Frederick W. Kickbusch (sometimes misspelled Kickbush) (January 25, 1841 - September 12, 1907) was an American lumberman and firefighter from Wausau who served one term in the 31st Wisconsin Legislature as an Independent Greenbacker member of the Wisconsin State Assembly from Marathon County.

== Background ==
Kickbusch was born at Kolberg, in Pomerania, part of the Kingdom of Prussia, on January 25, 1841; he received a common school education; immigrated to America with his parents in 1857, and settled in the city of Milwaukee, but moved to Wausau in 1860, and became a lumberman. On October 28, 1864, he married Mathilde Braatz of Berlin, Wisconsin; they would have four children.

== Elective office ==
As of 1878, he had been elected county treasurer of Marathon County three times in succession as a Democrat, as well as having held other local offices such as alderman and county supervisor. In 1877 Kickbusch (a long-time volunteer firefighter) was elected president of the State Fireman's Association, an office he would hold for three years.

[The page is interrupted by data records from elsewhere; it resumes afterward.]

(* Let $\Omega\subset\mathbb{C}^n$ be a bounded pseudoconvex Reinhardt domain, $1<p<\infty$, and $\lambda$ an admissible multi-radial weight on $\Omega$. Then the series $$K^{\Omega}_{p,\lambda}(z,w)=\sum_{\alpha\in\mathcal{S}_p(\Omega,\lambda)}\frac{e_\alpha(z)\,\overline{e_\alpha(w)}\,|e_\alpha(w)|^{p-2}}{\|e_\alpha\|^p_{p,\lambda}}$$ converges locally normally on $\Omega\times\Omega$, i.e., for every compact $K\subset\Omega\times\Omega$ the sum over $\alpha$ of the suprema over $K$ of the absolute values of the terms is finite.
   Context: A domain $\Omega$ is Reinhardt (centered at $0$) if $(e^{i\theta_1}z_1,\dots,e^{i\theta_n}z_n)\in\Omega$ whenever $z\in\Omega$, $\theta\in\mathbb{R}^n$. For a measurable $\lambda:\Omega\to[0,\infty]$, positive a.e., $\|f\|_{p,\lambda}^p=\int_\Omega|f|^p\lambda\,dV$ ($dV$ Lebesgue measure), $L^p(\Omega,\lambda)$ is the corresponding space and $A^p(\Omega,\lambda)=L^p(\Omega,\lambda)\cap\mathcal{O}(\Omega)$. The weight $\lambda$ is admissible if for each compact $K\subset\Omega$ there is $C_K>0$ with $\sup_K|f|\le C_K\|f\|_{p,\lambda}$ for all $f\in A^p(\Omega,\lambda)$; it is multi-radial if $\lambda(z)=\ell(|z_1|,\dots,|z_n|)$ for some function $\ell$. For $\alpha\in\mathbb{Z}^n$, $e_\alpha(z)=z_1^{\alpha_1}\cdots z_n^{\alpha_n}$, and $\mathcal{S}_p(\Omega,\lambda)=\{\alpha\in\mathbb{Z}^n:e_\alpha\in A^p(\Omega,\lambda)\}$. *)

theory Defs
  imports "HOL-Analysis.Analysis"
begin

definition reinhardt :: "(complex^'n) set \<Rightarrow> bool" where
  "reinhardt \<Omega> \<longleftrightarrow>
     (\<forall>z\<in>\<Omega>. \<forall>\<theta>::real^'n. (\<chi> i. cis (\<theta>$i) * z$i) \<in> \<Omega>)"

definition domain :: "(complex^'n) set \<Rightarrow> bool" where
  "domain \<Omega> \<longleftrightarrow> open \<Omega> \<and> connected \<Omega> \<and> \<Omega> \<noteq> {}"

definition holomorphic_n :: "(complex^'n \<Rightarrow> complex) \<Rightarrow> (complex^'n) set \<Rightarrow> bool" where
  "holomorphic_n f \<Omega> \<longleftrightarrow>
     (\<forall>z\<in>\<Omega>. \<exists>L. (f has_derivative L) (at z) \<and> (\<forall>c h. L (c *s h) = c * L h))"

He was elected to the Marathon County Assembly seat as an Independent Greenbacker in 1877, with 977 votes to 799 for Democrat J. C. Clarke. He was assigned to the standing committee on the assessment and collection of taxes. He ran for re-election in 1878, but was unseated by Democratic former state senator John Ringle, who polled 1282 votes to 1226 for Kickbusch. After 1879, he abandoned the Greenback movement and returned to the Democratic Party.

In 1893, he was appointed as the United States Consul for Stettin, in his native province of Pomerania, now part of the German Empire.